__Prompt__. Please retype the material beneath this task exactly, starting with its first line and finishing with the line containing "by (rule mult_cadjoint_self_eq_0)".

*** Given records ***

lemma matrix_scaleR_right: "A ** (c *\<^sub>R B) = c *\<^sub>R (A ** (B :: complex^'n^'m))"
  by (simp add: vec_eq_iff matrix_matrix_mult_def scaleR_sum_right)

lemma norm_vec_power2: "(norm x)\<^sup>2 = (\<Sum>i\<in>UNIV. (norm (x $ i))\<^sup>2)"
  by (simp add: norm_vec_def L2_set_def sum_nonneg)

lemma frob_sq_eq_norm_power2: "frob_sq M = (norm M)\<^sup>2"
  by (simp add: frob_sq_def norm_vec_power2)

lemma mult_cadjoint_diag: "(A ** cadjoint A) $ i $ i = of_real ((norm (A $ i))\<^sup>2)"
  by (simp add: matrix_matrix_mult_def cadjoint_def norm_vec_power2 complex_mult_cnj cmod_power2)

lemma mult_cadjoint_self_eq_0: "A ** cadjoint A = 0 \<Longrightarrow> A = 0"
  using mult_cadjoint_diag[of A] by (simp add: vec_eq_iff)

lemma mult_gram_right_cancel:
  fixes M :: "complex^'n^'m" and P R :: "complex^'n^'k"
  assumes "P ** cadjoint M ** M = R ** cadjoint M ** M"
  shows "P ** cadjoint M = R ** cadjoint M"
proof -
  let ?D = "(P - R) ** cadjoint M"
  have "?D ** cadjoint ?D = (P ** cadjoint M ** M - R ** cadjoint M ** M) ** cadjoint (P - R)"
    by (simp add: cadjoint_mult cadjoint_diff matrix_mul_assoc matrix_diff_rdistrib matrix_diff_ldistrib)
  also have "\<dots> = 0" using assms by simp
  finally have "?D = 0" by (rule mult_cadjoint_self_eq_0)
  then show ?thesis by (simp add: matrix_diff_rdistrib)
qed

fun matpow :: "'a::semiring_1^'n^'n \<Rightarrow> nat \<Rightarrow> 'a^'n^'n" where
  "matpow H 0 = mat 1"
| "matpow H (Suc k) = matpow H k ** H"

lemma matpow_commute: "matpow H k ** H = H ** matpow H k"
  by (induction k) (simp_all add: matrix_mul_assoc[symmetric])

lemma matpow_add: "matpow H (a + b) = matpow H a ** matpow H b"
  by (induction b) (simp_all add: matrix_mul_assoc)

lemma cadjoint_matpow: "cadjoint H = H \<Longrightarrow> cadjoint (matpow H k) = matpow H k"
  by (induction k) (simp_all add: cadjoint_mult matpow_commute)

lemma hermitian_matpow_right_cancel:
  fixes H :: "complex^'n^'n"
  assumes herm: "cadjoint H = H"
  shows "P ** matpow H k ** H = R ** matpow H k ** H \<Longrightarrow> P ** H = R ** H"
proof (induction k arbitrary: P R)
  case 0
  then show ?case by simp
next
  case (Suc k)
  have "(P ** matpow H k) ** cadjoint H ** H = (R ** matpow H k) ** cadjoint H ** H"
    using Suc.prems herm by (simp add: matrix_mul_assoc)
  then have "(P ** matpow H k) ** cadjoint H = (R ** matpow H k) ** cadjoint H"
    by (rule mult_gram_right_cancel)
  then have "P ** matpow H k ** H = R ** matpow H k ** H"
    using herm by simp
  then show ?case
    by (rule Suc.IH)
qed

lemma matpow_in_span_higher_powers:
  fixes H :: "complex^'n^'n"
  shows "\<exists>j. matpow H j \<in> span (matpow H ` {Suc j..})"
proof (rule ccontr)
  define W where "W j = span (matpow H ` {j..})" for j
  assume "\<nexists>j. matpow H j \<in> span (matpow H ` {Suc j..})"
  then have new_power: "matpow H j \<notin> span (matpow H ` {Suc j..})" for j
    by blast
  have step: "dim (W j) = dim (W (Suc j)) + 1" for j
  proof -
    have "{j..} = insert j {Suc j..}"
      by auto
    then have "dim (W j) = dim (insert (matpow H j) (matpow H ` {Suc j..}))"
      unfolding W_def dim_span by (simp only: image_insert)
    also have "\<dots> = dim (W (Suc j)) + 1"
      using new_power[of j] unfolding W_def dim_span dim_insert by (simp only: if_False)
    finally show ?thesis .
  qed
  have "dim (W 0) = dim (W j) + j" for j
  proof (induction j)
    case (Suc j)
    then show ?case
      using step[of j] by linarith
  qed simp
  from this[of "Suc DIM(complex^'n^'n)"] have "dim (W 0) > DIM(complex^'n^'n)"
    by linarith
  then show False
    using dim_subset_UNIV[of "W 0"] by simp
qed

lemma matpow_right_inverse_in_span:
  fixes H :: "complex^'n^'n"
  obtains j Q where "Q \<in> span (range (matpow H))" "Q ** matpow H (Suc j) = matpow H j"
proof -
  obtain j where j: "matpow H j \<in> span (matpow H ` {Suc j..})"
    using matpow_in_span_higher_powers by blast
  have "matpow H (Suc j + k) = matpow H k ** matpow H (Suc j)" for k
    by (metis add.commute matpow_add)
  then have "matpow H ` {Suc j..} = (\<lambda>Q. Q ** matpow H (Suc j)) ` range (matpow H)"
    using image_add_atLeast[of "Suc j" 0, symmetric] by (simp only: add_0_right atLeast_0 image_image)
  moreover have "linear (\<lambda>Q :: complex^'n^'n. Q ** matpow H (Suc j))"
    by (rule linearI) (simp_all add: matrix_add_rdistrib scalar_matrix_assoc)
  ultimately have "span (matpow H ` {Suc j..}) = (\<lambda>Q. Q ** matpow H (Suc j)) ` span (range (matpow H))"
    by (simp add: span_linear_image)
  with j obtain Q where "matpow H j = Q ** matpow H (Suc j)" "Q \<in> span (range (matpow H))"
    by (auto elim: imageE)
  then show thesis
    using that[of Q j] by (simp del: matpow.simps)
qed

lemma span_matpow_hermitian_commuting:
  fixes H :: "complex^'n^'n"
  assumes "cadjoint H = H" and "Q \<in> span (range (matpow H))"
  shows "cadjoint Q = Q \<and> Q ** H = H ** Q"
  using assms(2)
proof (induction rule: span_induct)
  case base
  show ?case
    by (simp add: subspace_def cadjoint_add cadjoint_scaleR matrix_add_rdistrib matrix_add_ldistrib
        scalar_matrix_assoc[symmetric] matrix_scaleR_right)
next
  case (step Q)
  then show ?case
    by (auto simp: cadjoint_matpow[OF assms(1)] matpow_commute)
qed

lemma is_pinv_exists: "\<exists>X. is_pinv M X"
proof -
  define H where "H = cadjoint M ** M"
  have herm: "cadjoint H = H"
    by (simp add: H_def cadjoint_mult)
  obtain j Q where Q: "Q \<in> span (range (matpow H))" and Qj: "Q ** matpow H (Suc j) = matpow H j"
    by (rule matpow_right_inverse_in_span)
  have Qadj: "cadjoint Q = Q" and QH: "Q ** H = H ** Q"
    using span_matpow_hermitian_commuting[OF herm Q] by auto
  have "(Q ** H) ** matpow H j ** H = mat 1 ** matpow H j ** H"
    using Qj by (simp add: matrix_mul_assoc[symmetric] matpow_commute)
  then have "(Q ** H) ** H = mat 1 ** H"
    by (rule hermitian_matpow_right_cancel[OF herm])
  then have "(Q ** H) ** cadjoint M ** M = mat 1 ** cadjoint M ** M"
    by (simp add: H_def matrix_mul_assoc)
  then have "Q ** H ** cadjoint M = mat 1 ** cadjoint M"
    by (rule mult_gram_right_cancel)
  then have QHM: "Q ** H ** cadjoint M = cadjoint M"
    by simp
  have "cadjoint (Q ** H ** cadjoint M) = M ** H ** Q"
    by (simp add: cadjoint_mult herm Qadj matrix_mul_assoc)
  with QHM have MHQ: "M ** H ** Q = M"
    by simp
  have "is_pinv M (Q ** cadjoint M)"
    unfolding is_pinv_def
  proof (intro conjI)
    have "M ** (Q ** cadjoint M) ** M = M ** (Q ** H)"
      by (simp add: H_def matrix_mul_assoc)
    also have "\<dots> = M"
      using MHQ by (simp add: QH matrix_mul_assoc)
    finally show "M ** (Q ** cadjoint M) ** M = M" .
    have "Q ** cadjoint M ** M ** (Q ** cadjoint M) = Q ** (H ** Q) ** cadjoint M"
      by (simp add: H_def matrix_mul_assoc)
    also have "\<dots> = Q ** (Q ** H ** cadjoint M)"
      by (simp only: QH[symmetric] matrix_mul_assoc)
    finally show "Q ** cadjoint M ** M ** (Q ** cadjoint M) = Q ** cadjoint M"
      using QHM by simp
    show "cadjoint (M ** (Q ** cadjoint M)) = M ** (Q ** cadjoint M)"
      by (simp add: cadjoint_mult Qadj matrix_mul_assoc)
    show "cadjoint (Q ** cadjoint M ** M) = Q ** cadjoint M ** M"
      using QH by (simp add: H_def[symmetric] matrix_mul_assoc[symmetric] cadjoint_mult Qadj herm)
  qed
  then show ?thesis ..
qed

*** End of Given records ***

__Response area__.
lemma matrix_scaleR_right: "A ** (c *\<^sub>R B) = c *\<^sub>R (A ** (B :: complex^'n^'m))"
  by (simp add: vec_eq_iff matrix_matrix_mult_def scaleR_sum_right)

lemma norm_vec_power2: "(norm x)\<^sup>2 = (\<Sum>i\<in>UNIV. (norm (x $ i))\<^sup>2)"
  by (simp add: norm_vec_def L2_set_def sum_nonneg)

lemma frob_sq_eq_norm_power2: "frob_sq M = (norm M)\<^sup>2"
  by (simp add: frob_sq_def norm_vec_power2)

lemma mult_cadjoint_diag: "(A ** cadjoint A) $ i $ i = of_real ((norm (A $ i))\<^sup>2)"
  by (simp add: matrix_matrix_mult_def cadjoint_def norm_vec_power2 complex_mult_cnj cmod_power2)

lemma mult_cadjoint_self_eq_0: "A ** cadjoint A = 0 \<Longrightarrow> A = 0"
  using mult_cadjoint_diag[of A] by (simp add: vec_eq_iff)

lemma mult_gram_right_cancel:
  fixes M :: "complex^'n^'m" and P R :: "complex^'n^'k"
  assumes "P ** cadjoint M ** M = R ** cadjoint M ** M"
  shows "P ** cadjoint M = R ** cadjoint M"
proof -
  let ?D = "(P - R) ** cadjoint M"
  have "?D ** cadjoint ?D = (P ** cadjoint M ** M - R ** cadjoint M ** M) ** cadjoint (P - R)"
    by (simp add: cadjoint_mult cadjoint_diff matrix_mul_assoc matrix_diff_rdistrib matrix_diff_ldistrib)
  also have "\<dots> = 0" using assms by simp
  finally have "?D = 0" by (rule mult_cadjoint_self_eq_0)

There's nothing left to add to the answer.